You could say my experience is emblematic of what many Christians will experience while reading Larsen’s book. His very premise has the potential to shake us up — even though he explains early on that if prayer is simply communication with God, then the idea of movies as prayers makes sense. But we have to be willing to trust him as he takes on a journey through a world of film that is vaster and more complicated than many of us have ever realized. Not for him the simplistic formulas and sanitized worlds of contemporary “Christian movies”; he plunges into movies of all sorts, even R-rated ones. “Our prayers, too, are imperfect,” he reminds us. “Some of them might be rated R.” Both prayer and movies, in his words, “are not golden gems of shiny spirituality but messy expressions that reflect the brokenness out of which they’re born.”
As he moves through the various categories of “movies as prayers,” which cover every aspect of the familiar creation/fall/redemption/restoration pattern — from praise to lament to anger to confession to joy — Larsen convincingly drives this point home. With such an enthusiastic and knowledgeable guide, one who understands and cherishes prayer as much as he does films, the journey is one worth taking.
“Reading for the Common Good: How Books Help Our Churches and Neighborhoods Flourish” by C. Christopher Smith (2016). Foreword by Scot McKnight.
As editor of The Englewood Review of Books, a project of the Englewood Christian Church in Indianapolis, Chris Smith knows books. And church. His engagement with both has taught him that a church that reads together — both Scripture and other works — is likelier both to thrive as a community, and to serve those outside its doors. “Learning and action,” he tells us, are two “interwoven threads,” both of which are needed “in order to sustain healthy, flourishing communities.”

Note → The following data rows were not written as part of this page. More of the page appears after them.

(* Let $S$ be an inverse semigroup with zero whose semilattice of idempotents is $0$-disjunctive. Then $S$ is a Clifford semigroup if and only if $S$ contains no infinitesimals.
   Context: A semigroup is inverse if each $s$ has a unique $s^{-1}$ with $s=ss^{-1}s$, $s^{-1}=s^{-1}ss^{-1}$; its idempotents form a meet semilattice with $e\le f$ iff $e=ef$. A meet semilattice with zero is $0$-disjunctive if for all $0\ne f<e$ there exists $0\ne g\le e$ with $fg=0$. A Clifford semigroup is an inverse semigroup whose idempotents are central. An infinitesimal is a non-zero element $a$ with $a^2=0$. *)

theory Defs
  imports Main
begin

text \<open>The semigroup S is the whole type 'a (with the multiplication of semigroup_mult).\<close>

definition inverse_semigroup :: "'a::semigroup_mult itself \<Rightarrow> bool" where
  "inverse_semigroup _ \<longleftrightarrow> (\<forall>s::'a. \<exists>!t. s = s * t * s \<and> t = t * s * t)"

definition is_zero :: "'a::semigroup_mult \<Rightarrow> bool" where
  "is_zero z \<longleftrightarrow> (\<forall>x. z * x = z \<and> x * z = z)"

definition idem :: "'a::semigroup_mult \<Rightarrow> bool" where
  "idem e \<longleftrightarrow> e * e = e"

definition idem_le :: "'a::semigroup_mult \<Rightarrow> 'a \<Rightarrow> bool" where
  "idem_le e f \<longleftrightarrow> e = e * f"

definition zero_disjunctive :: "'a::semigroup_mult \<Rightarrow> bool" where
  "zero_disjunctive z \<longleftrightarrow>
     (\<forall>e f. idem e \<and> idem f \<and> f \<noteq> z \<and> idem_le f e \<and> f \<noteq> e \<longrightarrow>
        (\<exists>g. idem g \<and> g \<noteq> z \<and> idem_le g e \<and> f * g = z))"

definition clifford :: "'a::semigroup_mult itself \<Rightarrow> bool" where
  "clifford T \<longleftrightarrow> inverse_semigroup T \<and> (\<forall>e s::'a. idem e \<longrightarrow> e * s = s * e)"

definition infinitesimal :: "'a::semigroup_mult \<Rightarrow> 'a \<Rightarrow> bool" where
  "infinitesimal z a \<longleftrightarrow> a \<noteq> z \<and> a * a = z"

end

theory Submission
  imports Defs
begin

text \<open>
  In an inverse semigroup the idempotents commute and \<open>(a b)\<inverse> = b\<inverse> a\<inverse>\<close>.
  If every idempotent is central, an infinitesimal \<open>a\<close> would satisfy
  \<open>a = (a a\<inverse>) a = a a a\<inverse> = 0\<close>. Conversely, without infinitesimals an idempotent
  \<open>g \<le> s s\<inverse>\<close> orthogonal to \<open>s\<inverse> s\<close> vanishes, because \<open>(g s)\<^sup>2 = g (s g) s = 0\<close>; by
  0-disjunctivity this forces \<open>s s\<inverse> \<le> s\<inverse> s\<close>, and by symmetry \<open>s s\<inverse> = s\<inverse> s\<close>. Once every
  element has equal left and right units, comparing \<open>s e\<close> with its inverse \<open>e s\<inverse>\<close>
  shows that every idempotent \<open>e\<close> commutes with \<open>s\<close>.
\<close>

definition sinv :: "'a::semigroup_mult \<Rightarrow> 'a" where
  "sinv s = (THE t. s = s * t * s \<and> t = t * s * t)"

context
  assumes inverse: "inverse_semigroup TYPE('a::semigroup_mult)"
begin

lemma sinv_unique_ex: "\<exists>!t. (s::'a) = s * t * s \<and> t = t * s * t"
  using inverse by (simp add: inverse_semigroup_def)

lemma mult_sinv_mult [simp]: "(s::'a) * sinv s * s = s"
  and sinv_mult_sinv [simp]: "sinv s * s * sinv s = sinv s"
  using theI'[OF sinv_unique_ex[of s]] by (simp_all add: sinv_def)

lemma sinv_unique: "(s::'a) * t * s = s \<Longrightarrow> t * s * t = t \<Longrightarrow> sinv s = t"
  using sinv_unique_ex[of s] mult_sinv_mult[of s] sinv_mult_sinv[of s] by metis

lemma sinv_sinv [simp]: "sinv (sinv (s::'a)) = s"
  by (rule sinv_unique) simp_all

lemma sinv_idem: "idem (e::'a) \<Longrightarrow> sinv e = e"
  by (rule sinv_unique) (simp_all add: idem_def)

lemma idem_mult_sinv: "idem ((s::'a) * sinv s)"
  and idem_sinv_mult: "idem (sinv (s::'a) * s)"
  unfolding idem_def by (simp_all flip: mult.assoc)

lemma idem_mult:
  assumes e: "idem (e::'a)" and f: "idem f"
  shows "idem (e * f)"
proof -
  define x where "x = sinv (e * f)"
  have ee: "e * e = e" and ff: "f * f = f" using e f by (simp_all add: idem_def)
  have x1: "e * f * x * (e * f) = e * f" and x2: "x * (e * f) * x = x"
    by (simp_all add: x_def)
  have "e * f * (f * x * e) * (e * f) = e * (f * f) * x * (e * e) * f"
    by (simp add: mult.assoc)
  also have "\<dots> = e * f" using x1 ee ff by (simp add: mult.assoc)
  finally have y1: "e * f * (f * x * e) * (e * f) = e * f" .
  have "f * x * e * (e * f) * (f * x * e) = f * (x * (e * e) * (f * f) * x) * e"
    by (simp add: mult.assoc)
  also have "\<dots> = f * x * e" using x2 ee ff by (simp add: mult.assoc)
  finally have "sinv (e * f) = f * x * e" using y1 sinv_unique by blast
  then have xfe: "x = f * x * e" by (simp add: x_def)
  have xx: "x * x = x"
    using xfe x2 by (metis mult.assoc)
  have "e * f = sinv x" by (simp add: x_def)
  also have "\<dots> = x" using xx by (simp add: sinv_idem idem_def)
  finally show ?thesis using xx by (simp add: idem_def)
qed

lemma idem_commute:
  assumes e: "idem (e::'a)" and f: "idem f"
  shows "e * f = f * e"
proof -
  have ee: "e * e = e" and ff: "f * f = f" using e f by (simp_all add: idem_def)
  have ef: "e * f * (e * f) = e * f" and fe: "f * e * (f * e) = f * e"
    using idem_mult e f by (simp_all add: idem_def)
  have "e * f * (f * e) * (e * f) = e * f" "f * e * (e * f) * (f * e) = f * e"
    using ee ff ef fe by (metis mult.assoc)+
  then have "sinv (e * f) = f * e" by (rule sinv_unique)
  moreover have "sinv (e * f) = e * f" using idem_mult[OF e f] by (rule sinv_idem)
  ultimately show ?thesis by simp
qed

lemma sinv_mult: "sinv ((a::'a) * b) = sinv b * sinv a"
proof (rule sinv_unique)
  have "b * sinv b * (sinv a * a) = sinv a * a * (b * sinv b)"
    using idem_commute idem_mult_sinv idem_sinv_mult by blast
  then show "a * b * (sinv b * sinv a) * (a * b) = a * b"
    and "sinv b * sinv a * (a * b) * (sinv b * sinv a) = sinv b * sinv a"
    by (metis mult.assoc mult_sinv_mult sinv_mult_sinv)+
qed

lemma clifford_imp_no_infinitesimal:
  assumes "clifford TYPE('a)" and "is_zero z"
  shows "\<not> infinitesimal z (a::'a)"
proof
  assume "infinitesimal z a"
  then have a: "a \<noteq> z" "a * a = z" by (simp_all add: infinitesimal_def)
  have "a = a * sinv a * a" by simp
  also have "\<dots> = a * (a * sinv a)"
    using assms(1) idem_mult_sinv[of a] unfolding clifford_def by (metis mult.assoc)
  also have "\<dots> = z" using a assms(2) by (simp add: is_zero_def flip: mult.assoc)
  finally show False using a by simp
qed

lemma idem_orthogonal_eq_zero:
  assumes zero: "is_zero z" and no_inf: "\<forall>a. \<not> infinitesimal z (a::'a)"
    and g: "idem g" and g_le: "idem_le g (s * sinv s)" and orth: "g * (sinv s * s) = z"
  shows "g = z"
proof -
  have "s * g = s * (sinv s * s * g)" by (simp flip: mult.assoc)
  also have "\<dots> = s * (g * (sinv s * s))" using idem_commute[OF g idem_sinv_mult] by simp
  finally have "s * g = z" using orth zero by (simp add: is_zero_def)
  moreover have "g * s * (g * s) = g * (s * g) * s" by (simp add: mult.assoc)
  ultimately have "g * s * (g * s) = z" using zero by (simp add: is_zero_def)
  then have "g * s = z" using no_inf by (auto simp: infinitesimal_def)
  then have "g * s * sinv s = z" using zero by (simp add: is_zero_def)
  then show "g = z" using g_le by (simp add: idem_le_def mult.assoc)
qed

lemma mult_sinv_le_sinv_mult:
  assumes zero: "is_zero z" and disj: "zero_disjunctive z"
    and no_inf: "\<forall>a. \<not> infinitesimal z (a::'a)"
  shows "idem_le (s * sinv s) (sinv s * (s::'a))"
proof (rule ccontr)
  define e f where "e = s * sinv s" and "f = sinv s * s"
  assume "\<not> idem_le (s * sinv s) (sinv s * s)"
  then have ne: "e * f \<noteq> e" by (simp add: e_def f_def idem_le_def)
  have e: "idem e" and f: "idem f" by (simp_all add: e_def f_def idem_mult_sinv idem_sinv_mult)
  have ef: "idem (e * f)" using idem_mult[OF e f] .
  have ef_le: "idem_le (e * f) e"
    using idem_commute[OF e f] e by (simp add: idem_le_def idem_def mult.assoc)
  obtain g where g: "idem g" "g \<noteq> z" "idem_le g e" "e * f * g = z"
  proof (cases "e * f = z")
    case True
    with ne e zero show ?thesis
      by (intro that[of e]) (simp_all add: idem_le_def idem_def is_zero_def)
  next
    case False
    with disj ef ef_le ne e show ?thesis
      unfolding zero_disjunctive_def using that by blast
  qed
  have "g * f = f * (e * g)"
    using idem_commute[OF g(1) f] idem_commute[OF e g(1)] g(3) by (simp add: idem_le_def)
  also have "\<dots> = z" using idem_commute[OF e f] g(4) by (simp add: mult.assoc)
  finally have "g = z"
    using idem_orthogonal_eq_zero[OF zero no_inf g(1)] g(3) by (simp add: e_def f_def)
  with g(2) show False ..
qed

lemma mult_sinv_eq_sinv_mult:
  assumes "is_zero z" and "zero_disjunctive z" and "\<forall>a. \<not> infinitesimal z (a::'a)"
  shows "s * sinv s = sinv s * (s::'a)"
proof -
  have "idem_le (s * sinv s) (sinv s * s)" and "idem_le (sinv s * s) (s * sinv s)"
    using mult_sinv_le_sinv_mult[OF assms, of s] mult_sinv_le_sinv_mult[OF assms, of "sinv s"]
    by simp_all
  then show ?thesis
    using idem_commute[OF idem_mult_sinv idem_sinv_mult, of s s] by (simp add: idem_le_def)
qed

lemma idem_central_if_mult_sinv_eq_sinv_mult:
  assumes units: "\<And>s::'a. s * sinv s = sinv s * s" and e: "idem (e::'a)"
  shows "e * s = s * e"
proof -
  define p where "p = sinv s * s"
  have ep: "e * p = p * e" using idem_commute[OF e idem_sinv_mult] by (simp add: p_def)
  have "s * e * sinv (s * e) = s * (e * e) * sinv s"
    by (simp add: sinv_mult sinv_idem[OF e] mult.assoc)
  then have "s * e * sinv s = s * e * sinv (s * e)" using e by (simp add: idem_def)
  also have "\<dots> = sinv (s * e) * (s * e)" using units .
  also have "\<dots> = e * p * e"
    using sinv_mult[of s e] by (simp add: sinv_idem[OF e] p_def mult.assoc)
  also have "\<dots> = e * p" using ep e by (simp add: idem_def mult.assoc)
  finally have conj: "s * e * sinv s = e * p" .
  have ps: "p * s = s" using units[of s] by (metis p_def mult_sinv_mult)
  have "s * e = s * p * e" by (simp add: p_def flip: mult.assoc)
  also have "\<dots> = s * (e * p)" using ep by (simp add: mult.assoc)
  also have "\<dots> = s * e * sinv s * s" by (simp add: p_def mult.assoc)
  also have "\<dots> = e * p * s" by (simp only: conj)
  also have "\<dots> = e * s" by (simp add: ps mult.assoc)
  finally show ?thesis by simp
qed

end

theorem mainTheorem17:
  fixes z :: "'a::semigroup_mult"
  assumes "inverse_semigroup TYPE('a)"
    and "is_zero z"
    and "zero_disjunctive z"
  shows "clifford TYPE('a) \<longleftrightarrow> \<not> (\<exists>a. infinitesimal z a)"
proof
  assume "clifford TYPE('a)"
  then show "\<not> (\<exists>a. infinitesimal z a)"
    using clifford_imp_no_infinitesimal assms(1,2) by blast
next
  assume "\<not> (\<exists>a. infinitesimal z a)"
  then have "s * sinv s = sinv s * s" for s :: 'a
    using mult_sinv_eq_sinv_mult assms by blast
  then show "clifford TYPE('a)"
    using idem_central_if_mult_sinv_eq_sinv_mult[OF assms(1)] assms(1)
    unfolding clifford_def by blast
qed

end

Smith has a number of good ideas about how to encourage churches not only to read, but also to read together. His ideas on community engagement are also innovative and helpful, though at times I found some of his ideas a little too prescriptive and specific; he seemed to think, for instance (if I read him correctly), that political engagement by every church in every community should look pretty much the same. I would have liked to see him allow more for different kinds of communities, different emphases, and different priorities. That aside, however, his book is a deeply valuable resource and a model for Christian engagement with both the world of books and the outside world.